Your goal — Your output should be the complete listing, repeated exactly.

Exercise material —
┏━━

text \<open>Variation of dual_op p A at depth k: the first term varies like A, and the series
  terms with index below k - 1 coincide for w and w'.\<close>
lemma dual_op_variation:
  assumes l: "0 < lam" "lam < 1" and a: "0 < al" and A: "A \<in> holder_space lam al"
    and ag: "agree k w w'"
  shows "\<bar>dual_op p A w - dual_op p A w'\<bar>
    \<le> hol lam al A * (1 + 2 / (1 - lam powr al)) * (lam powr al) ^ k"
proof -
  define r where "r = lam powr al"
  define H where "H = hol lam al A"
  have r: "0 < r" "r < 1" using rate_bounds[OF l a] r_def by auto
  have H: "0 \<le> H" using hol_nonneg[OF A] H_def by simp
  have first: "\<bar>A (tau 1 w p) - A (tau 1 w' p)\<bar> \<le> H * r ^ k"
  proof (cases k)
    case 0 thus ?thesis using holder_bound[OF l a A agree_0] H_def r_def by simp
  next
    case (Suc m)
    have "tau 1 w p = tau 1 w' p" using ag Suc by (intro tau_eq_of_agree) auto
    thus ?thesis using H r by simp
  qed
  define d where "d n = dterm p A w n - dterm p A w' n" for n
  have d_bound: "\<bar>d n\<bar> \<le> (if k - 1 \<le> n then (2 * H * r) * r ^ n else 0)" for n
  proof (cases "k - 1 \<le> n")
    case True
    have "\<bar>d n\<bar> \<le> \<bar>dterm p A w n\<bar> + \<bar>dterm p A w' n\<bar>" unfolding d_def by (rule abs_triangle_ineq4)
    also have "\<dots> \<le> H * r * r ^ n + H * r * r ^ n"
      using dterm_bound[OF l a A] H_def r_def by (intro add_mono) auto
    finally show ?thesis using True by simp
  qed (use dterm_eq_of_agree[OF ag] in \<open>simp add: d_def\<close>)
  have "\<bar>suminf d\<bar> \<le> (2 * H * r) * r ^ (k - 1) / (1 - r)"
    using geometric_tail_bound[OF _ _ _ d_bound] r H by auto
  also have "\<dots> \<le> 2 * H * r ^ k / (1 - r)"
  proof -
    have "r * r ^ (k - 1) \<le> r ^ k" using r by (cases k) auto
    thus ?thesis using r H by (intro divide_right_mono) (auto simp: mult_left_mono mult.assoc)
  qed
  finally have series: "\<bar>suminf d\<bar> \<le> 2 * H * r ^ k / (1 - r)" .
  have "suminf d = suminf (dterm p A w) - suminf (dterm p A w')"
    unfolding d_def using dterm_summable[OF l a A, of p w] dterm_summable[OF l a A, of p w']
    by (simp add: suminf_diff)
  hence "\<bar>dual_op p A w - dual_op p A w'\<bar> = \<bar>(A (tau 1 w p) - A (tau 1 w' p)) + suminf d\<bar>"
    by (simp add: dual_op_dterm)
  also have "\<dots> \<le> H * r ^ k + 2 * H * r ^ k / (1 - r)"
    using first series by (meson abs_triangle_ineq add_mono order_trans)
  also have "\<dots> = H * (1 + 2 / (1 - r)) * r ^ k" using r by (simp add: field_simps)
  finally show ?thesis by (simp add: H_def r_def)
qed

┗━━

Response for this exercise —
text \<open>Variation of dual_op p A at depth k: the first term varies like A, and the series
  terms with index below k - 1 coincide for w and w'.\<close>
lemma dual_op_variation:
  assumes l: "0 < lam" "lam < 1" and a: "0 < al" and A: "A \<in> holder_space lam al"
    and ag: "agree k w w'"
  shows "\<bar>dual_op p A w - dual_op p A w'\<bar>
    \<le> hol lam al A * (1 + 2 / (1 - lam powr al)) * (lam powr al) ^ k"
proof -
  define r where "r = lam powr al"
  define H where "H = hol lam al A"
  have r: "0 < r" "r < 1" using rate_bounds[OF l a] r_def by auto
  have H: "0 \<le> H" using hol_nonneg[OF A] H_def by simp
  have first: "\<bar>A (tau 1 w p) - A (tau 1 w' p)\<bar> \<le> H * r ^ k"
  proof (cases k)
    case 0 thus ?thesis using holder_bound[OF l a A agree_0] H_def r_def by simp
  next
    case (Suc m)
    have "tau 1 w p = tau 1 w' p" using ag Suc by (intro tau_eq_of_agree) auto
    thus ?thesis using H r by simp
  qed
  define d where "d n = dterm p A w n - dterm p A w' n" for n
  have d_bound: "\<bar>d n\<bar> \<le> (if k - 1 \<le> n then (2 * H * r) * r ^ n else 0)" for n
  proof (cases "k - 1 \<le> n")
    case True
    have "\<bar>d n\<bar> \<le> \<bar>dterm p A w n\<bar> + \<bar>dterm p A w' n\<bar>" unfolding d_def by (rule abs_triangle_ineq4)
    also have "\<dots> \<le> H * r * r ^ n + H * r * r ^ n"
      using dterm_bound[OF l a A] H_def r_def by (intro add_mono) auto
    finally show ?thesis using True by simp
  qed (use dterm_eq_of_agree[OF ag] in \<open>simp add: d_def\<close>)
  have "\<bar>suminf d\<bar> \<le> (2 * H * r) * r ^ (k - 1) / (1 - r)"
    using geometric_tail_bound[OF _ _ _ d_bound] r H by auto
  also have "\<dots> \<le> 2 * H * r ^ k / (1 - r)"
  proof -
    have "r * r ^ (k - 1) \<le> r ^ k" using r by (cases k) auto
    thus ?thesis using r H by (intro divide_right_mono) (auto simp: mult_left_mono mult.assoc)
  qed
  finally have series: "\<bar>suminf d\<bar> \<le> 2 * H * r ^ k / (1 - r)" .
  have "suminf d = suminf (dterm p A w) - suminf (dterm p A w')"
    unfolding d_def using dterm_summable[OF l a A, of p w] dterm_summable[OF l a A, of p w']
    by (simp add: suminf_diff)
  hence "\<bar>dual_op p A w - dual_op p A w'\<bar> = \<bar>(A (tau 1 w p) - A (tau 1 w' p)) + suminf d\<bar>"
    by (simp add: dual_op_dterm)
  also have "\<dots> \<le> H * r ^ k + 2 * H * r ^ k / (1 - r)"
    using first series by (meson abs_triangle_ineq add_mono order_trans)
  also have "\<dots> = H * (1 + 2 / (1 - r)) * r ^ k" using r by (simp add: field_simps)
  finally show ?thesis by (simp add: H_def r_def)
qed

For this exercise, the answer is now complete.